In this article, Attentional Feature Pooling (AFP) Module and Attentional Atrous Feature Pooling (AAFP) Module are proposed specifically for the general architecture to overcome this difficulty. The AFP Module basically consists of three stages. In the first stage, the feature map taken as input is passed through the maximum and average pooling blocks three times in order to create different sizes and obtain important features. Then, the features extracted from the maximum and average pooling are combined. In the second step, these combined features are multiplied with one feature obtained from them through the sigmoid block. In this way, attentional features are obtained. In the third stage, the attentional features obtained in 3 different dimensions are applied upsampling to obtain the input size. The AAFP Module consists of two stages. In the first stage, convolution blocks with different dilated ratios (dr; 1, 6, 12, 18) are applied. Dilated convolution is used to obtain multi-scale information. In the second step, the AFP Module is applied and the three outputs of the AFP Module and the outputs of the convolution blocks are combined and passed through the convolution block once again. In the general architecture of the proposed method, the ResNet50 CNN model, which was pre-trained with ImageNet, was used as the encoder. The decoder has learned from the features obtained from the middle and last layers of ResNet50. In the proposed architecture, the AAFP Module is used to learn the detailed texture information from the features obtained from the last layer of ResNet50 and transfer it to the decoder. The decoder consists of upsampling, dropout, convolution, concatenate, and convolution block structures/operators.

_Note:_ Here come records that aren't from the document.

lemma indep_components:
  fixes U :: "'a \<Rightarrow> real^'n" and V :: "'a \<Rightarrow> real^'m"
  assumes P: "prob_space M" and meas: "U \<in> borel_measurable M" "V \<in> borel_measurable M"
    and indep: "prob_space.indep_set M {U -` A \<inter> space M |A. A \<in> sets borel}
                                       {V -` A \<inter> space M |A. A \<in> sets borel}"
  shows "prob_space.indep_var M borel (\<lambda>\<omega>. U \<omega> $ i) borel (\<lambda>\<omega>. V \<omega> $ j)"
proof -
  interpret prob_space M by (rule P)
  have "indep_sets (case_bool {(\<lambda>\<omega>. U \<omega> $ i) -` A \<inter> space M |A. A \<in> sets borel}
                              {(\<lambda>\<omega>. V \<omega> $ j) -` A \<inter> space M |A. A \<in> sets borel}) UNIV"
    using indep unfolding indep_set_def
    by (rule indep_sets_mono_sets) (simp split: bool.split add: generated_component_subset)
  moreover have "(\<lambda>b. {case_bool (\<lambda>\<omega>. U \<omega> $ i) (\<lambda>\<omega>. V \<omega> $ j) b -` A \<inter> space M |A. A \<in> sets (case_bool borel borel b)})
      = case_bool {(\<lambda>\<omega>. U \<omega> $ i) -` A \<inter> space M |A. A \<in> sets borel}
                  {(\<lambda>\<omega>. V \<omega> $ j) -` A \<inter> space M |A. A \<in> sets borel}"
    by (rule ext) (simp split: bool.split)
  moreover have "random_variable borel (\<lambda>\<omega>. U \<omega> $ i)" "random_variable borel (\<lambda>\<omega>. V \<omega> $ j)"
    using measurable_compose[OF meas(1) component_measurable]
      measurable_compose[OF meas(2) component_measurable] by auto
  ultimately show ?thesis
    unfolding indep_var_def indep_vars_def2 by (simp split: bool.split)
qed

lemma indep_cross_moment_zero:
  fixes U :: "'a \<Rightarrow> real^'n" and V :: "'a \<Rightarrow> real^'m"
  assumes P: "prob_space M" and U: "L2_vec M U" "centered M U" and V: "L2_vec M V"
    and indep: "prob_space.indep_set M {U -` A \<inter> space M |A. A \<in> sets borel}
                                       {V -` A \<inter> space M |A. A \<in> sets borel}"
  shows "cross_moment M U V = 0"
proof -
  interpret prob_space M by (rule P)
  have "(\<integral>\<omega>. U \<omega> $ i * V \<omega> $ j \<partial>M) = (\<integral>\<omega>. U \<omega> $ i \<partial>M) * (\<integral>\<omega>. V \<omega> $ j \<partial>M)" for i j
  proof (rule indep_var_lebesgue_integral)
    show "indep_var borel (\<lambda>\<omega>. U \<omega> $ i) borel (\<lambda>\<omega>. V \<omega> $ j)"
      using indep_components[OF P _ _ indep] U(1) V unfolding L2_vec_def by blast
    show "integrable M (\<lambda>\<omega>. U \<omega> $ i)" "integrable M (\<lambda>\<omega>. V \<omega> $ j)"
      using L2_fun_integrable[OF finite_measure_axioms L2_vec_component] U(1) V by blast+
  qed
  then have "(\<integral>\<omega>. U \<omega> $ i * V \<omega> $ j \<partial>M) = 0" for i j
    using U(2) unfolding centered_def by simp
  then show ?thesis
    unfolding cross_moment_def by (simp add: vec_eq_iff)
qed

lemma orthogonality_principle:
  fixes X :: "'a \<Rightarrow> real^'p" and W :: "'a \<Rightarrow> real^'q" and Q :: "real^'p^'p"
  assumes X: "L2_vec M X" and W: "L2_vec M W"
    and orth: "cross_moment M W (\<lambda>\<omega>. X \<omega> - A0 *v W \<omega>) = 0"
    and Q: "\<And>x. 0 \<le> x \<bullet> (Q *v x)"
  shows "(\<integral>\<omega>. (X \<omega> - A0 *v W \<omega>) \<bullet> (Q *v (X \<omega> - A0 *v W \<omega>)) \<partial>M)
       \<le> (\<integral>\<omega>. (X \<omega> - A *v W \<omega>) \<bullet> (Q *v (X \<omega> - A *v W \<omega>)) \<partial>M)"
proof -
  define u where "u \<omega> = X \<omega> - A0 *v W \<omega>" for \<omega>
  define v where "v \<omega> = (A0 - A) *v W \<omega>" for \<omega>
  have u: "L2_vec M u" and v: "L2_vec M v"
    unfolding u_def v_def by (intro L2_vec_diff L2_vec_mv X W)+
  have Qu: "L2_vec M (\<lambda>\<omega>. Q *v u \<omega>)" and Qv: "L2_vec M (\<lambda>\<omega>. Q *v v \<omega>)"
    by (intro L2_vec_mv u v)+
  have uW: "cross_moment M u W = 0"
    using orth cross_moment_transpose[of M u W] unfolding u_def
    by (simp add: transpose_def vec_eq_iff)
  have cross1: "cross_moment M u (\<lambda>\<omega>. Q *v v \<omega>) = 0"
    unfolding cross_moment_mv_right[OF u v] unfolding v_def cross_moment_mv_right[OF u W] uW by simp
  have cross2: "cross_moment M v (\<lambda>\<omega>. Q *v u \<omega>) = 0"
    unfolding cross_moment_mv_right[OF v u] unfolding v_def cross_moment_mv_left[OF W u]
    using orth by (simp add: u_def[abs_def])
  have split: "X \<omega> - A *v W \<omega> = u \<omega> + v \<omega>" for \<omega>
    unfolding u_def v_def by (simp add: matrix_vector_mult_diff_rdistrib)
  have "(\<integral>\<omega>. (X \<omega> - A *v W \<omega>) \<bullet> (Q *v (X \<omega> - A *v W \<omega>)) \<partial>M)
      = (\<integral>\<omega>. u \<omega> \<bullet> (Q *v u \<omega>) + u \<omega> \<bullet> (Q *v v \<omega>) + v \<omega> \<bullet> (Q *v u \<omega>) + v \<omega> \<bullet> (Q *v v \<omega>) \<partial>M)"
    unfolding split by (simp add: matrix_vector_right_distrib inner_add_left inner_add_right add_ac)
  also have "\<dots> = (\<integral>\<omega>. u \<omega> \<bullet> (Q *v u \<omega>) \<partial>M) + (\<integral>\<omega>. v \<omega> \<bullet> (Q *v v \<omega>) \<partial>M)"
    using integral_inner_cross_moment[OF u Qu] integral_inner_cross_moment[OF u Qv]
      integral_inner_cross_moment[OF v Qu] integral_inner_cross_moment[OF v Qv] cross1 cross2
    by simp
  also have "\<dots> \<ge> (\<integral>\<omega>. u \<omega> \<bullet> (Q *v u \<omega>) \<partial>M)"
    using integral_nonneg_AE[of "\<lambda>\<omega>. v \<omega> \<bullet> (Q *v v \<omega>)" M] Q by simp
  finally show ?thesis
    unfolding u_def .
qed

text \<open>Second moments in the linear model Y = Z X + \<epsilon> with \<epsilon> independent of X: the
  cross-term vanishes, so E[Y X^T] = Z \<Sigma>.\<close>
lemma linear_model_moments:
  fixes X :: "'a \<Rightarrow> real^'p" and \<epsilon> :: "'a \<Rightarrow> real^'q" and Z :: "real^'p^'q"
  assumes P: "prob_space M"
    and X: "L2_vec M X" "centered M X" and \<epsilon>: "L2_vec M \<epsilon>" "centered M \<epsilon>"
    and indep: "prob_space.indep_set M {X -` A \<inter> space M |A. A \<in> sets borel}
                                       {\<epsilon> -` A \<inter> space M |A. A \<in> sets borel}"
    and Y: "Y = (\<lambda>\<omega>. Z *v X \<omega> + \<epsilon> \<omega>)"
  shows "L2_vec M Y"
    and "cov_mat M X = cross_moment M X X"
    and "cov_mat M Y = cross_moment M Y Y"
    and "cross_moment M Y X = Z ** cov_mat M X"
proof -
  show "L2_vec M Y"
    unfolding Y by (intro L2_vec_add L2_vec_mv X \<epsilon>)
  show \<Sigma>: "cov_mat M X = cross_moment M X X"
    by (rule cov_mat_centered[OF X(2)])
  have "finite_measure M"
    using P unfolding prob_space_def by blast
  then show "cov_mat M Y = cross_moment M Y Y"
    unfolding Y by (intro cov_mat_centered centered_affine X \<epsilon>)
  have "cross_moment M \<epsilon> X = transpose (cross_moment M X \<epsilon>)"
    by (rule cross_moment_transpose)
  also have "cross_moment M X \<epsilon> = 0"
    by (rule indep_cross_moment_zero[OF P X \<epsilon>(1) indep])
  finally have "cross_moment M \<epsilon> X = 0"
    by (simp add: transpose_def vec_eq_iff)
  then show "cross_moment M Y X = Z ** cov_mat M X"
    unfolding Y \<Sigma> cross_moment_add_left[OF L2_vec_mv[OF X(1)] \<epsilon>(1) X(1)] cross_moment_mv_left[OF X(1) X(1)]
    by simp
qed

lemma reconstruction_residual_uncorrelated:
  fixes X :: "'a \<Rightarrow> real^'p" and \<epsilon> :: "'a \<Rightarrow> real^'q" and Z :: "real^'p^'q"
  assumes P: "prob_space M"
    and X: "L2_vec M X" "centered M X" and \<epsilon>: "L2_vec M \<epsilon>" "centered M \<epsilon>"
    and indep: "prob_space.indep_set M {X -` A \<inter> space M |A. A \<in> sets borel}
                                       {\<epsilon> -` A \<inter> space M |A. A \<in> sets borel}"
    and Y: "Y = (\<lambda>\<omega>. Z *v X \<omega> + \<epsilon> \<omega>)"
    and \<Sigma>: "\<Sigma> = cov_mat M X" and C: "C = cov_mat M Y"
    and K: "K = \<Sigma> ** transpose Z ** mp_inverse C"
    and B: "B = Z ** \<Sigma> ** transpose Z"
    and A0: "A0 = \<Sigma> ** transpose Z ** mp_inverse B"
  shows "cross_moment M (\<lambda>\<omega>. Z *v (K *v Y \<omega>)) (\<lambda>\<omega>. X \<omega> - A0 *v (Z *v (K *v Y \<omega>))) = 0"
proof -
  note moments = linear_model_moments[OF P X \<epsilon> indep Y]
  have \<Sigma>_sym: "transpose \<Sigma> = \<Sigma>" and C_sym: "transpose C = C"
    unfolding \<Sigma> C moments(2,3) by (metis cross_moment_transpose)+
  have \<Sigma>_psd: "0 \<le> x \<bullet> (\<Sigma> *v x)" for x
    unfolding \<Sigma> moments(2) by (rule cross_moment_psd[OF X(1)])
  define W where "W = (\<lambda>\<omega>. Z *v (K *v Y \<omega>))"
  have KY: "L2_vec M (\<lambda>\<omega>. K *v Y \<omega>)" and W_L2: "L2_vec M W"
    unfolding W_def by (intro L2_vec_mv moments(1))+
  have WX: "cross_moment M W X = Z ** K ** Z ** \<Sigma>"
    unfolding W_def cross_moment_mv_left[OF KY X(1)] cross_moment_mv_left[OF moments(1) X(1)]
      moments(4) \<Sigma> by (simp add: matrix_mul_assoc)
  have "cross_moment M W Y = Z ** K ** C"
    unfolding W_def cross_moment_mv_left[OF KY moments(1)] cross_moment_mv_left[OF moments(1) moments(1)]
      C moments(3) by (simp add: matrix_mul_assoc)
  then have WW: "cross_moment M W W = Z ** K ** C ** transpose K ** transpose Z"
    using cross_moment_mv_right[OF W_L2 KY, of Z] cross_moment_mv_right[OF W_L2 moments(1), of K]
    unfolding W_def by (simp add: matrix_mul_assoc)
  have "cross_moment M W (\<lambda>\<omega>. X \<omega> - A0 *v W \<omega>) = Z ** K ** Z ** \<Sigma> - Z ** K ** C ** transpose K ** transpose Z ** transpose A0"
    unfolding cross_moment_diff_right[OF W_L2 X(1) L2_vec_mv[OF W_L2]] cross_moment_mv_right[OF W_L2 W_L2] WX WW ..
  also have "\<dots> = 0"
    using reconstruction_gain_identity[OF \<Sigma>_sym \<Sigma>_psd C_sym K B A0] by simp
  finally show ?thesis
    unfolding W_def .
qed

theorem lemma2:
  fixes M :: "'a measure"
    and X :: "'a \<Rightarrow> real^'p" and \<epsilon> :: "'a \<Rightarrow> real^'q"
    and Z :: "real^'p^'q" and D :: "real^'p^'p"
  assumes "prob_space M"
    and "L2_vec M X" and "\<forall>i. integral\<^sup>L M (\<lambda>\<omega>. X \<omega> $ i) = 0"
    and "L2_vec M \<epsilon>" and "\<forall>i. integral\<^sup>L M (\<lambda>\<omega>. \<epsilon> \<omega> $ i) = 0"
    and "prob_space.indep_set M {X -` A \<inter> space M |A. A \<in> sets borel}
                            {\<epsilon> -` A \<inter> space M |A. A \<in> sets borel}"
    and "transpose D = D" and "\<forall>x. x \<noteq> 0 \<longrightarrow> 0 < x \<bullet> (D *v x)"
  shows "let \<Sigma> = cov_mat M X;
             Y = (\<lambda>\<omega>. Z *v X \<omega> + \<epsilon> \<omega>);
             C = cov_mat M Y;
             K = \<Sigma> ** transpose Z ** mp_inverse C;
             B = Z ** \<Sigma> ** transpose Z;
             Z\<^sub>\<Sigma> = \<Sigma> ** transpose Z ** mp_inverse B;
             J = (\<lambda>A::real^'q^'p. integral\<^sup>L M (\<lambda>\<omega>. Dnorm_sq D (X \<omega> - A *v (Z *v (K *v Y \<omega>)))))
         in \<forall>A. J Z\<^sub>\<Sigma> \<le> J A"
proof -
  define \<Sigma> where "\<Sigma> = cov_mat M X"
  define Y where "Y = (\<lambda>\<omega>. Z *v X \<omega> + \<epsilon> \<omega>)"
  define C where "C = cov_mat M Y"
  define K where "K = \<Sigma> ** transpose Z ** mp_inverse C"
  define B where "B = Z ** \<Sigma> ** transpose Z"
  define A0 where "A0 = \<Sigma> ** transpose Z ** mp_inverse B"
  have centered: "centered M X" "centered M \<epsilon>"
    using assms(3,5) unfolding centered_def by blast+
  have W_L2: "L2_vec M (\<lambda>\<omega>. Z *v (K *v Y \<omega>))"
    using linear_model_moments(1)[OF assms(1,2) centered(1) assms(4) centered(2) assms(6) Y_def]
    by (intro L2_vec_mv)
  have residual: "cross_moment M (\<lambda>\<omega>. Z *v (K *v Y \<omega>)) (\<lambda>\<omega>. X \<omega> - A0 *v (Z *v (K *v Y \<omega>))) = 0"
    by (rule reconstruction_residual_uncorrelated[OF assms(1,2) centered(1) assms(4) centered(2) assms(6)
          Y_def \<Sigma>_def C_def K_def B_def A0_def])
  have "0 \<le> x \<bullet> (D *v x)" for x
    using assms(8) by (cases "x = 0") (auto intro: less_imp_le)
  then have D_inv_psd: "0 \<le> x \<bullet> (mp_inverse D *v x)" for x
    by (rule mp_inverse_psd[OF assms(7)])
  have "(\<integral>\<omega>. Dnorm_sq D (X \<omega> - A0 *v (Z *v (K *v Y \<omega>))) \<partial>M)
      \<le> (\<integral>\<omega>. Dnorm_sq D (X \<omega> - A *v (Z *v (K *v Y \<omega>))) \<partial>M)" for A
    unfolding Dnorm_sq_def by (rule orthogonality_principle[OF assms(2) W_L2 residual D_inv_psd])
  then show ?thesis
    unfolding Let_def \<Sigma>_def Y_def C_def K_def B_def A0_def by blast
qed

In summary, the contributions of this study are as follows;

a.
The Attentional Feature Pooling (AFP) Module is proposed to obtain information of smaller objects and to draw attention to the attributes of these objects.
b.
The Attentional Atrous Feature Pooling (AAFP) Module has been developed by adding dilated convolution blocks to the AFP Module to obtain multi-scale information about objects.
c.
The overall architecture was designed based on the AAFP Module for semantic image segmentation in urban traffic scenes.
d.
The proposed architecture also contributes to reducing the risk of accidents of autonomous vehicles as it provides higher segmentation accuracy than state-of-the-art methods.
e.
A series of experimental tests were conducted to demonstrate the effectiveness of the proposed architecture. And, the comparison of the proposed method/architecture with respect to other methods/architectures was made with the CamVid dataset.

The remainder of the paper is organized as follows. In chapter 2 contains information about the dataset, encoder of the proposed network model, learning rate scheduling, and dice loss. In the 3rd chapter, the proposed method and in the 4th chapter, the experiments and analysis are given. Finally, the general conclusions are presented in the 5th chapter.

2 Materials and methods

In this section, the CamVid dataset and learning rate scheduling used in the training and testing of the proposed model and other state-of-the-art models are introduced. ResNet50, which is used to extract features in the encoder network of the proposed model, is briefly introduced. Finally, Dice Loss is introduced to calculate the losses of the proposed model and other state-of-the-art models during training.

2.1 CamVid dataset

The CamVid Dataset [22] is a publicly available dataset containing street scenes captured from the perspective of a car driver. The original images of the dataset contain 32 semantic categories and 701 images with a resolution of 960 × 720. Of the 701 images, 367 are reserved for training, 101 for validation, and 233 for testing. The resolution of the images in the CamVid dataset was set to 256 × 256 to perform the performance measurements of the proposed method. Twelve semantic categories were used, namely sky, building, pole, road, pavement, tree, sign symbol, fence, car, pedestrian, bicyclist, and unlabeled.

2.2 ResNet50 encoder

In order to ensure that the performance of the proposed method is strong, transfer learning Residual Network (ResNet50) [23], which is a good classification solution, is used. ResNet50 tries to solve the vanishing gradient problem, which is one of the difficulties in the training process of deep CNN models. During backpropagation, the gradient value is significantly reduced and therefore there is almost no change in weights. ResNet50 uses skip/residual connection to overcome this. With this connection, the original output is added to the output of the convolutional block. That is, it is a link that directly bypasses some layers of the network model.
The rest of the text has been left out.